⟨
lemma emeasure_shell:
  "emeasure lborel (shell k :: 'a::euclidean_space set)
     = ennreal (unit_ball_vol (DIM('a)) * (shell_radius (Suc k) ^ DIM('a) - shell_radius k ^ DIM('a)))"
proof -
  have "emeasure lborel (shell k :: 'a set)
      = emeasure lborel (ball (0::'a) (shell_radius (Suc k))) - emeasure lborel (ball (0::'a) (shell_radius k))"
    unfolding shell_def using shell_radius_mono[of k "Suc k"]
    by (intro emeasure_Diff) (auto simp: emeasure_ball shell_radius_bounds)
  also have "\<dots> = ennreal (unit_ball_vol (DIM('a)) * shell_radius (Suc k) ^ DIM('a)
      - unit_ball_vol (DIM('a)) * shell_radius k ^ DIM('a))"
    unfolding emeasure_ball[OF shell_radius_bounds(1)]
    by (rule ennreal_minus) (use shell_radius_bounds in auto)
  finally show ?thesis
    by (simp add: algebra_simps)
qed

lemma emeasure_shell_le:
  "emeasure lborel (shell k :: 'a::euclidean_space set) \<le> ennreal (unit_ball_vol (DIM('a)) * real DIM('a) * (1/2)^Suc k)"
proof -
  have "shell_radius (Suc k) ^ DIM('a) - shell_radius k ^ DIM('a) \<le> real DIM('a) * (1/2)^Suc k"
    using power_diff_le_mult_diff[of "shell_radius k" "shell_radius (Suc k)" "DIM('a)"]
      shell_radius_bounds shell_radius_mono[of k "Suc k"]
    by (simp add: shell_radius_Suc_diff less_imp_le)
  then show ?thesis
    unfolding emeasure_shell by (intro ennreal_leI) (simp add: mult.assoc mult_left_mono)
qed

lemma emeasure_shell_ge:
  assumes "k \<ge> 1"
  shows "ennreal (unit_ball_vol (DIM('a)) * (1/2)^Suc k * (1/2)^(DIM('a) - 1))
    \<le> emeasure lborel (shell k :: 'a::euclidean_space set)"
proof -
  have "1/2 \<le> shell_radius k"
    using shell_radius_mono[OF assms] by (simp add: shell_radius_def)
  then have "(1/2)^(DIM('a) - 1) \<le> shell_radius k ^ (DIM('a) - 1)"
    by (intro power_mono) auto
  then have "(1/2)^Suc k * (1/2)^(DIM('a) - 1) \<le> (shell_radius (Suc k) - shell_radius k) * shell_radius k ^ (DIM('a) - 1)"
    unfolding shell_radius_Suc_diff by (intro mult_left_mono) auto
  also have "\<dots> \<le> shell_radius (Suc k) ^ DIM('a) - shell_radius k ^ DIM('a)"
    using shell_radius_bounds(1) shell_radius_mono[of k "Suc k"] DIM_positive[where 'a='a]
    by (intro power_diff_ge_mult_diff) auto
  finally show ?thesis
    unfolding emeasure_shell by (intro ennreal_leI) (simp add: mult.assoc mult_left_mono)
qed

lemma one_minus_norm_pow_2_shell_bounds:
  assumes "y \<in> shell k"
  shows "(1/2)^Suc k \<le> 1 - norm y ^ 2" "1 - norm y ^ 2 \<le> 2 * (1/2)^k"
proof -
  have y: "1 - (1/2)^k \<le> norm y" "norm y < 1 - (1/2)^Suc k"
    using assms by (auto simp: mem_shell_iff shell_radius_def)
  have "(0::real) < (1/2)^Suc k"
    by simp
  then have y1: "norm y < 1"
    using y by linarith
  have factor: "1 - norm y ^ 2 = (1 - norm y) * (1 + norm y)"
    by (simp add: power2_eq_square algebra_simps)
  have "(1/2)^Suc k \<le> (1 - norm y) * 1"
    using y by simp
  also have "\<dots> \<le> (1 - norm y) * (1 + norm y)"
    using y1 by (intro mult_left_mono) auto
  finally show "(1/2)^Suc k \<le> 1 - norm y ^ 2"
    unfolding factor .
  have "(1 - norm y) * (1 + norm y) \<le> (1/2)^k * 2"
    using y y1 by (intro mult_mono) auto
  then show "1 - norm y ^ 2 \<le> 2 * (1/2)^k"
    unfolding factor by simp
qed

lemma Union_shell_add:
  "(\<Union>k. shell (k + m)) = ball (0::'a::euclidean_space) 1 - ball 0 (shell_radius m)"
proof (intro equalityI subsetI)
  fix y :: 'a
  assume "y \<in> (\<Union>k. shell (k + m))"
  then obtain k where k: "y \<in> shell (k + m)"
    by blast
  then have "y \<in> (\<Union>k. shell k)"
    by blast
  then have "y \<in> ball 0 1"
    by (simp only: Union_shell)
  moreover have "shell_radius m \<le> norm y"
    using k shell_radius_mono[of m "k + m"] by (simp add: mem_shell_iff)
  ultimately show "y \<in> ball 0 1 - ball 0 (shell_radius m)"
    by simp
next
  fix y :: 'a
  assume y: "y \<in> ball 0 1 - ball 0 (shell_radius m)"
  then have "y \<in> (\<Union>k. shell k)"
    unfolding Union_shell by simp
  then obtain j where j: "y \<in> shell j"
    by blast
  have "m \<le> j"
  proof (rule ccontr)
    assume "\<not> m \<le> j"
    then have "shell_radius (Suc j) \<le> shell_radius m"
      by (intro shell_radius_mono) simp
    with j y show False
      by (simp add: mem_shell_iff)
  qed
  with j have "y \<in> shell ((j - m) + m)"
    by simp
  then show "y \<in> (\<Union>k. shell (k + m))"
    by blast
qed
⟩
[PROBLEM REQUIREMENTS]
Write the entries out again exactly.

[EXERCISE RESULT]
lemma emeasure_shell:
  "emeasure lborel (shell k :: 'a::euclidean_space set)
     = ennreal (unit_ball_vol (DIM('a)) * (shell_radius (Suc k) ^ DIM('a) - shell_radius k ^ DIM('a)))"
proof -
  have "emeasure lborel (shell k :: 'a set)
      = emeasure lborel (ball (0::'a) (shell_radius (Suc k))) - emeasure lborel (ball (0::'a) (shell_radius k))"
    unfolding shell_def using shell_radius_mono[of k "Suc k"]
    by (intro emeasure_Diff) (auto simp: emeasure_ball shell_radius_bounds)
  also have "\<dots> = ennreal (unit_ball_vol (DIM('a)) * shell_radius (Suc k) ^ DIM('a)
      - unit_ball_vol (DIM('a)) * shell_radius k ^ DIM('a))"
    unfolding emeasure_ball[OF shell_radius_bounds(1)]
    by (rule ennreal_minus) (use shell_radius_bounds in auto)
  finally show ?thesis
    by (simp add: algebra_simps)
qed

lemma emeasure_shell_le:
  "emeasure lborel (shell k :: 'a::euclidean_space set) \<le> ennreal (unit_ball_vol (DIM('a)) * real DIM('a) * (1/2)^Suc k)"
proof -
  have "shell_radius (Suc k) ^ DIM('a) - shell_radius k ^ DIM('a) \<le> real DIM('a) * (1/2)^Suc k"
    using power_diff_le_mult_diff[of "shell_radius k" "shell_radius (Suc k)" "DIM('a)"]
      shell_radius_bounds shell_radius_mono[of k "Suc k"]
    by (simp add: shell_radius_Suc_diff less_imp_le)
  then show ?thesis
    unfolding emeasure_shell by (intro ennreal_leI) (simp add: mult.assoc mult_left_mono)
qed

lemma emeasure_shell_ge:
  assumes "k \<ge> 1"
  shows "ennreal (unit_ball_vol (DIM('a)) * (1/2)^Suc k * (1/2)^(DIM('a) - 1))
    \<le> emeasure lborel (shell k :: 'a::euclidean_space set)"
proof -
  have "1/2 \<le> shell_radius k"
    using shell_radius_mono[OF assms] by (simp add: shell_radius_def)
  then have "(1/2)^(DIM('a) - 1) \<le> shell_radius k ^ (DIM('a) - 1)"
    by (intro power_mono) auto
  then have "(1/2)^Suc k * (1/2)^(DIM('a) - 1) \<le> (shell_radius (Suc k) - shell_radius k) * shell_radius k ^ (DIM('a) - 1)"
    unfolding shell_radius_Suc_diff by (intro mult_left_mono) auto
  also have "\<dots> \<le> shell_radius (Suc k) ^ DIM('a) - shell_radius k ^ DIM('a)"
    using shell_radius_bounds(1) shell_radius_mono[of k "Suc k"] DIM_positive[where 'a='a]
    by (intro power_diff_ge_mult_diff) auto
  finally show ?thesis
    unfolding emeasure_shell by (intro ennreal_leI) (simp add: mult.assoc mult_left_mono)
qed

lemma one_minus_norm_pow_2_shell_bounds:
  assumes "y \<in> shell k"
  shows "(1/2)^Suc k \<le> 1 - norm y ^ 2" "1 - norm y ^ 2 \<le> 2 * (1/2)^k"
proof -
  have y: "1 - (1/2)^k \<le> norm y" "norm y < 1 - (1/2)^Suc k"
    using assms by (auto simp: mem_shell_iff shell_radius_def)
  have "(0::real) < (1/2)^Suc k"
    by simp
  then have y1: "norm y < 1"
    using y by linarith
  have factor: "1 - norm y ^ 2 = (1 - norm y) * (1 + norm y)"
    by (simp add: power2_eq_square algebra_simps)
  have "(1/2)^Suc k \<le> (1 - norm y) * 1"
    using y by simp
  also have "\<dots> \<le> (1 - norm y) * (1 + norm y)"
    using y1 by (intro mult_left_mono) auto
  finally show "(1/2)^Suc k \<le> 1 - norm y ^ 2"
    unfolding factor .
  have "(1 - norm y) * (1 + norm y) \<le> (1/2)^k * 2"
    using y y1 by (intro mult_mono) auto
  then show "1 - norm y ^ 2 \<le> 2 * (1/2)^k"
    unfolding factor by simp
qed

lemma Union_shell_add:
  "(\<Union>k. shell (k + m)) = ball (0::'a::euclidean_space) 1 - ball 0 (shell_radius m)"
proof (intro equalityI subsetI)
  fix y :: 'a
  assume "y \<in> (\<Union>k. shell (k + m))"
  then obtain k where k: "y \<in> shell (k + m)"
    by blast
  then have "y \<in> (\<Union>k. shell k)"
    by blast
  then have "y \<in> ball 0 1"
    by (simp only: Union_shell)
  moreover have "shell_radius m \<le> norm y"
    using k shell_radius_mono[of m "k + m"] by (simp add: mem_shell_iff)
  ultimately show "y \<in> ball 0 1 - ball 0 (shell_radius m)"
    by simp
next
  fix y :: 'a
  assume y: "y \<in> ball 0 1 - ball 0 (shell_radius m)"
  then have "y \<in> (\<Union>k. shell k)"
    unfolding Union_shell by simp
  then obtain j where j: "y \<in> shell j"
    by blast
  have "m \<le> j"
  proof (rule ccontr)
    assume "\<not> m \<le> j"
    then have "shell_radius (Suc j) \<le> shell_radius m"
      by (intro shell_radius_mono) simp
    with j y show False
      by (simp add: mem_shell_iff)
  qed
  with j have "y \<in> shell ((j - m) + m)"
    by simp
  then show "y \<in> (\<Union>k. shell (k + m))"
    by blast
qed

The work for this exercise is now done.